ITEM 3.           QUANTITATIVE AND QUALITATIVE DISCLOSURE ABOUT MARKET RISK

         Not applicable.




                                       12
<PAGE>   14

                           PART II - OTHER INFORMATION

ITEM 2.           CHANGES IN SECURITIES

         At EXCO's 1998 Annual Meeting of Shareholders (the "1998 Annual 
Meeting"), the shareholders of EXCO approved an amendment to EXCO's Restated
Articles of Incorporation, authorizing a one-for-two reverse stock split of
EXCO's common stock, which became effective March 31, 1998. At EXCO's 1996
Annual Meeting of Shareholders, the shareholders of EXCO approved an amendment
to EXCO's Articles of Incorporation, authorizing a one-for-five reverse stock
split of EXCO's common stock, which became effective July 19, 1996. All share
and per share numbers contained herein have been retroactively adjusted to
record the effects of the reverse stock splits.
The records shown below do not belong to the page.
theorem mainTheorem14:
  fixes C1 C2 :: "real^'d \<Rightarrow> real" and \<phi>1 \<phi>2 :: "real \<Rightarrow> real" and \<alpha>1 \<alpha>2 :: ereal
  assumes "CARD('d) \<ge> 2"
    and "is_copula C1" and "is_copula C2"
    and "strict_generator \<phi>1" and "strict_generator \<phi>2"
    and "archimedean_with C1 \<phi>1" and "archimedean_with C2 \<phi>2"
    and "reg_var_zero \<phi>1 \<alpha>1" and "reg_var_zero \<phi>2 \<alpha>2"
  shows "(TD_less C1 C2 \<longleftrightarrow> tail_dep_coef C1 < tail_dep_coef C2)
       \<and> (tail_dep_coef C1 < tail_dep_coef C2 \<longleftrightarrow> \<alpha>1 < \<alpha>2)"
proof -
  have "0 \<le> \<alpha>1" "0 \<le> \<alpha>2" using assms(8,9) by (simp_all add: reg_var_zero_def)
  have tail: "tail_dep_fun C1 w < tail_dep_fun C2 w \<longleftrightarrow> \<alpha>1 < \<alpha>2" if "\<forall>i. 0 < w$i" for w
    using tail_dep_fun_archimedean[OF assms(1,4,6,8) that]
      tail_dep_fun_archimedean[OF assms(1,5,7,9) that]
      archimedean_tail_dep_less_iff[OF assms(1) that \<open>0 \<le> \<alpha>1\<close> \<open>0 \<le> \<alpha>2\<close>] by simp
  have coef: "tail_dep_coef C1 < tail_dep_coef C2 \<longleftrightarrow> \<alpha>1 < \<alpha>2"
    using tail[of "\<chi> i. 1"] by (simp add: tail_dep_coef_def)
  have "TD_less C1 C2 \<longleftrightarrow> \<alpha>1 < \<alpha>2"
    using tail coef unfolding TD_less_def tail_dep_coef_def by (metis vec_lambda_beta zero_less_one)
  with coef show ?thesis by simp
qed

end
         During the fiscal year ended December 31, 1997, J. Michael Muckleroy
("Mr. Muckleroy"), now a director of EXCO, owned the following working interests
in the following wells operated by EXCO: the Wilbanks #1 (4.18%); the McGarraugh
1-139 (2%); the Perkins #4 (6%); the Mitchell #1 (11.7%); the Mitchell #2 (18%);
and the Coats #5 (11%). Mr. Muckleroy received approximately $2,700 per month as
a result of his working interests in wells operated by EXCO. On March 5, 1998
the Board of Directors issued 12,500 shares of common stock to Mr. Muckleroy in
exchange for his working interest in the aforementioned wells. The issuance to
Mr. Muckleroy was made pursuant to Section 4(2) of the Securities Act of 1933.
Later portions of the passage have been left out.